So everyday there is a new site which fesses up that they have been pwned. Someone came in, stole the lot, but don't worry, they only got something minor. And then a few days later, well, it seems there was a bit more. And by the time you stop caring about the story, it comes out that they got the universe.
And you, despite being a loyal reader of this blog, have used the same password on two sites. And you are pwned. [[ Side note: if you stop reading now, go to this link and check yourself out https://haveibeenpwned.com/ ]]
If you administrate a 'real $ network' one of your concerns is your team. You are only as strong as the weakest link. And you just know someone on your team uses the same password on some irrelevant blog as on your key customer data server.
So you concoct a plan. You will download all the leaks, and build a big database of them. A little google, a little dark-web-fu, you are there. You will make some pre-check script on your password db that checks people's proposed passwords.
And then you run into a bit of an issue. You really need to have this on everyone's desktop. And its kind of big. And its not obvious you want to do that.

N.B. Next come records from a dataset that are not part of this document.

text \<open>A derivative of order j + 1 is the linear Taylor coefficient, along an axis, of one
  of order j; each order costs a radius of \<open>1/(2k)\<close>.\<close>

lemma low_derivs_le_near_0:
  assumes k: "2 * k \<le> N" and R: "1 \<le> R" and M: "0 \<le> M"
    and K: "\<And>a B. \<forall>t\<in>{0..1 / (2 * k)}. \<bar>\<Sum>m<k. a m * t ^ m\<bar> \<le> B \<Longrightarrow> \<forall>m<k. \<bar>a m\<bar> \<le> K * B"
  shows "length is < k \<Longrightarrow> norm y < 1 - length is / (2 * k) \<Longrightarrow>
           \<bar>pderivs is F y\<bar> \<le> ((\<lambda>B. K * (B + M * (1 / (2 * k)) ^ k / fact k)) ^^ length is) 1"
proof (induction "is" arbitrary: y)
  case Nil
  then show ?case
    using unit_ball_le[of y] by simp
next
  case (Cons i "is")
  define \<delta> :: real where "\<delta> = 1 / (2 * k)"
  define B where "B = ((\<lambda>B. K * (B + M * \<delta> ^ k / fact k)) ^^ length is) 1"
  define a where "a m = pderivs (replicate m i @ is) F y / fact m" for m
  have \<delta>: "0 < \<delta>" "real (length (i # is)) / (2 * k) = real (length is) / (2 * k) + \<delta>"
    using Cons.prems(1) unfolding \<delta>_def by (auto simp: add_divide_distrib)
  have "\<bar>\<Sum>m<k. a m * t ^ m\<bar> \<le> B + M * \<delta> ^ k / fact k" if t: "t \<in> {0..\<delta>}" for t
  proof -
    have near: "norm (y + s *\<^sub>R axis i 1) < 1 - length is / (2 * k)" if "\<bar>s\<bar> \<le> \<bar>t\<bar>" for s
      using norm_triangle_ineq[of y "s *\<^sub>R axis i 1"] Cons.prems(2) \<delta> that t by auto
    have "1 - length is / (2 * k) \<le> R"
      using R by (smt (verit) divide_nonneg_nonneg of_nat_0_le_iff)
    then have segment: "y + s *\<^sub>R axis i 1 \<in> ball 0 R" if "\<bar>s\<bar> \<le> \<bar>t\<bar>" for s
      using near[OF that] by simp
    have "\<bar>pderivs is F (y + t *\<^sub>R axis i 1) - (\<Sum>m<k. a m * t ^ m)\<bar> \<le> M * \<bar>t\<bar> ^ k / fact k"
      unfolding a_def using Cons.prems(1) k by (intro Taylor_axis_remainder_le segment) auto
    moreover have "M * \<bar>t\<bar> ^ k / fact k \<le> M * \<delta> ^ k / fact k"
      using t M by (intro divide_right_mono mult_left_mono power_mono) auto
    moreover have "\<bar>pderivs is F (y + t *\<^sub>R axis i 1)\<bar> \<le> B"
      unfolding B_def \<delta>_def using Cons.prems(1) near[of t] by (intro Cons.IH) auto
    ultimately show ?thesis
      by linarith
  qed
  then have "\<forall>m<k. \<bar>a m\<bar> \<le> K * (B + M * \<delta> ^ k / fact k)"
    unfolding \<delta>_def by (intro K) blast
  then have "\<bar>a 1\<bar> \<le> K * (B + M * \<delta> ^ k / fact k)"
    using Cons.prems(1) by simp
  then show ?case
    unfolding a_def B_def \<delta>_def by simp
qed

So the path I have been researching is to use a type of AI called a 'Generic Adversarial Network'. The idea is to train a model on this dataset. You then ship the model to each desktop (and the model cannot be reversed since its lossy). The model would say "this password you propose it is *similar* to the dataset, and thus you should not use it. But, i found this pretty difficult to get correct-enough to use.
So today I found a different solution. Check this 'Vailidating Leaked Passwords with k-Anonymity' by cloudflare. And, cuz its 2018, a sample github repo that implements it. And its in bash! About time bash got some API love. Minus points for cheating and using curl rather than using bash built-in socket support.
So, now you that hypothetical admin, can take that github repo, and put a filter in on the client-side of 'i want to use this new password', and be safe.